Academe

On Tantrum-Throwers and Rabble-Rousers

On Tantrum-Throwers and Rabble-Rousers
Statement Read at the University Council Meeting
17 February 2020
UP Diliman

 

Mr. Chancellor:

 

Thank you for indulging me these few minutes of the Council’s time. Having served for some years as this university’s spokesman, today I speak for myself. But I will also presume to speak for most if not all of our colleagues in congratulating you most heartily and thanking you most deeply for your six years of devoted leadership and service to this university. It has been a dynamic but also often difficult six years, marked both by a healthy growth in our resources but also by serious and continuing threats to our viability as an academic community.

We have not always agreed on specific matters, and many here, I’m sure, will recall some issue they may have had with either wing of Quezon Hall. As a former administrator myself, I know and appreciate the line between the ideal and the necessary that we often have to cross, to the inevitable disappointment of someone.

It is a sign of our resilience that we have been able to surmount most of those differences and disaffections. Those wishing to destroy this University would like nothing better than to divide this community so they could insert themselves into the breach. They would like to paint our disagreements in terms of a conflict between Diliman and the System, or between the University Council and the Board of Regents.

In truth, it has always been a fight between good and bad, between right and wrong, between freedom and repression, between excellence and mediocrity. And there has always been good and bad, right and wrong, excellence and mediocrity, on both sides of any of those aisles.

Those of us on the side of defending UP are unified in the belief that there can be no academic excellence without academic freedom. We can pursue and produce knowledge only because we are free to think, and to express ourselves.

This university’s greatness lies less in its THE or QS scores than in its century-old tradition of speaking truth to power—which some have called a penchant for tantrums, and others rabble-rousing—and you, Mr. Chancellor, have done that tradition proud.

Those who can speak only of the “powers” of administration clearly do not understand and respect our culture of collegiality. Good academic governance has never been about the application of brute power, but of effective persuasion; if it stands to reason, it will be accepted. If not, then all the thunder and lightning from above will not make any self-respecting UP professor agree to what is wrong and unjust.

The real tantrum-throwers and rabble-rousers are those who rant and curse mindlessly on Facebook and Twitter like they owned this place and know better than our collective wisdom. We cannot be intimidated by such vagrants drunk with the presumed powers of an office they will hold for but a few years; we are professors for life. It is us, not they, who will write the history of this institution, and the reckoning will not be kind to the purveyors and protectors of mediocrity.

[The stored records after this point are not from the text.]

lemma MS4ext_gt_not_not_imp_box_dia: "MImp (gt (INeg (INeg a))) (MBox (MDia (gt a))) \<in> MS4ext S"
proof -
  have "MImp (MBox (MNeg (gt a))) (MBox (MOr (MNeg (gt a)) MBot)) \<in> MS4ext S"
    by (rule MS4ext_box_taut) (auto simp: tautology_def)
  then have "MImp (MOr (MNeg (MBox (MOr (MNeg (gt a)) MBot))) MBot) (MDia (gt a)) \<in> MS4ext S"
    by (rule MS4ext_taut_mp) (auto simp: tautology_def MDia_def MNeg_def)
  then show ?thesis by (simp add: MS4ext_box_mono)
qed

lemma MS4ext_box_dia_imp_gt_not_not: "MImp (MBox (MDia (gt a))) (gt (INeg (INeg a))) \<in> MS4ext S"
proof -
  have "MImp (MBox (MOr (MNeg (gt a)) MBot)) (MBox (MNeg (gt a))) \<in> MS4ext S"
    by (rule MS4ext_box_taut) (auto simp: tautology_def MNeg_def)
  then have "MImp (MDia (gt a)) (MOr (MNeg (MBox (MOr (MNeg (gt a)) MBot))) MBot) \<in> MS4ext S"
    by (rule MS4ext_taut_mp) (auto simp: tautology_def MDia_def MNeg_def)
  then show ?thesis by (simp add: MS4ext_box_mono)
qed

lemma MS4ext_modal_kuroda:
  assumes grz: "grz_axiom \<in> MS4ext S" and kur: "kur_axiom \<in> MS4ext S"
  shows "MImp (MBox (MAll (MBox (MDia (MBox p))))) (MBox (MDia (MBox (MAll (MBox p))))) \<in> MS4ext S"
    (is "MImp ?H _ \<in> _")
proof -
  have "MImp (MBox (MDia (MBox p))) (MDia (MBox (MBox p))) \<in> MS4ext S"
    using MS4ext_box_T MS4ext_dia_mono[OF MS4ext_box_4] by (rule MS4ext_imp_trans)
  then have "MImp ?H (MBox (MAll (MDia (MBox (MBox p))))) \<in> MS4ext S"
    by (intro MS4ext_box_mono MS4ext_all_mono)
  moreover have "MImp (MBox (MAll (MDia (MBox (MBox p))))) (MDia (MAll (MBox p))) \<in> MS4ext S"
    using MS4ext.subst[OF kur, of "\<lambda>_. MBox p"] by (simp add: kur_axiom_def)
  ultimately have "MImp ?H (MDia (MAll (MBox p))) \<in> MS4ext S"
    by (rule MS4ext_imp_trans)
  then have "MImp ?H (MBox (MDia (MAll (MBox p)))) \<in> MS4ext S"
    by (rule MS4ext_box_imp_boxI)
  then have "MImp ?H (MDia (MBox (MAll (MBox p)))) \<in> MS4ext S"
    using MS4ext_mckinsey[OF grz] by (rule MS4ext_imp_trans)
  then show ?thesis
    by (rule MS4ext_box_imp_boxI)
qed

lemma MS4ext_gt_kuroda:
  assumes grz: "grz_axiom \<in> MS4ext S" and kur: "kur_axiom \<in> MS4ext S"
  shows "gt kuroda \<in> MS4ext S"
proof -
  have "MImp (gt (IAll (INeg (INeg ip)))) (MBox (MAll (MBox (MDia (MBox mp))))) \<in> MS4ext S"
    using MS4ext_gt_not_not_imp_box_dia[of ip] by (simp add: MS4ext_box_mono MS4ext_all_mono)
  moreover have "MImp (MBox (MAll (MBox (MDia (MBox mp))))) (MBox (MDia (gt (IAll ip)))) \<in> MS4ext S"
    using MS4ext_modal_kuroda[OF grz kur] by simp
  ultimately have "MImp (gt (IAll (INeg (INeg ip)))) (gt (INeg (INeg (IAll ip)))) \<in> MS4ext S"
    using MS4ext_box_dia_imp_gt_not_not by (blast intro: MS4ext_imp_trans)
  then show ?thesis
    unfolding kuroda_def by (rule MS4ext_gt_IImpI)
qed

theorem proposition5p5:
  shows "\<not> modal_companion_MIPC MGrz_join_LKur"
proof -
  have "grz_axiom \<in> MGrz_join_LKur" "kur_axiom \<in> MGrz_join_LKur"
    unfolding MGrz_join_LKur_def MGrz_def LKur_def by (blast intro: MS4ext.extra)+
  then have "gt kuroda \<in> MGrz_join_LKur"
    unfolding MGrz_join_LKur_def by (rule MS4ext_gt_kuroda)
  with kuroda_notin_MIPC show ?thesis
    unfolding modal_companion_MIPC_def by blast
qed

end
lemma td_flow_lyapunov_has_real_derivative:
  fixes \<theta> :: "real \<Rightarrow> (real^'d1) \<times> (real^'d2)"
    and \<Phi> :: "real^'d1^'n" and g :: "real^'d2 \<Rightarrow> real^'n" and Dg :: "real^'d2 \<Rightarrow> real^'d2^'n"
  assumes g_deriv: "\<And>x. (g has_derivative (\<lambda>v. Dg x *v v)) (at x)"
    and g_hom: "\<And>x. g x = h *\<^sub>R (Dg x *v x)"
    and flow: "(\<theta> has_vector_derivative
          (let A = diag_mat \<mu> ** (mat 1 - \<gamma> *\<^sub>R P);
               res = \<Phi> *v fst (\<theta> t) + g (snd (\<theta> t)) - Vstar
           in (- (transpose \<Phi> *v (A *v res)),
               - (transpose (Dg (snd (\<theta> t))) *v (A *v res)))))
        (at t within S)"
    and e: "e = \<Phi> *v fst (\<theta> t) + g (snd (\<theta> t)) - Vstar"
  shows "((\<lambda>t. (fst (\<theta> t) - w) \<bullet> (fst (\<theta> t) - w) + max h 0 * (snd (\<theta> t) \<bullet> snd (\<theta> t)))
      has_real_derivative - 2 * inner_mu \<mu> (e + (Vstar - \<Phi> *v w)) (e - \<gamma> *\<^sub>R (P *v e)))
      (at t within S)"
proof -
  have "g (snd (\<theta> t)) = max h 0 *\<^sub>R (Dg (snd (\<theta> t)) *v snd (\<theta> t))"
    using homogeneous_eq_max_degree[where g' = "\<lambda>x v. Dg x *v v", OF g_deriv g_hom] by simp
  from lyapunov_has_real_derivative[where g = g and \<theta> = \<theta> and t = t and Dg = Dg,
      OF this flow[unfolded Let_def]]
  have "((\<lambda>t. (fst (\<theta> t) - w) \<bullet> (fst (\<theta> t) - w) + max h 0 * (snd (\<theta> t) \<bullet> snd (\<theta> t)))
      has_real_derivative - 2 * ((\<Phi> *v fst (\<theta> t) + g (snd (\<theta> t)) - \<Phi> *v w) \<bullet>
        ((diag_mat \<mu> ** (mat 1 - \<gamma> *\<^sub>R P)) *v e))) (at t within S)"
    by (simp add: e)
  moreover have "\<Phi> *v fst (\<theta> t) + g (snd (\<theta> t)) - \<Phi> *v w = e + (Vstar - \<Phi> *v w)"
    by (simp add: e)
  ultimately show ?thesis
    by (simp add: inner_diag_mat_mult matrix_vector_mult_diff_rdistrib scaleR_matrix_vector_assoc)
qed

That history, Mr. Chancellor, will note that in these troubled times, you have exhibited firm moral leadership, demonstrating through this Council that Filipinos at their best must have not only an intellect but a conscience—and the courage to lend their voices to that conscience.

In electing your worthy successor, the Board has shown reason for hope by manifesting a progressive aspect that we can only appreciate and encourage. If we speak as one, with patience and reason, they will listen, aware that we are all accountable less to transient authority than to history itself.

Thank you, Chancellor Mike, for your principled and faithful service. Take a well-deserved break, and I look forward to having you join us soon in these seats reserved for tantrum-prone elders.

Maraming salamat, mabuhay kayo, mabuhay and inyong kapalit na si Chancellor Nemenzo, at mabuhay ang Unibersidad ng Pilipinas.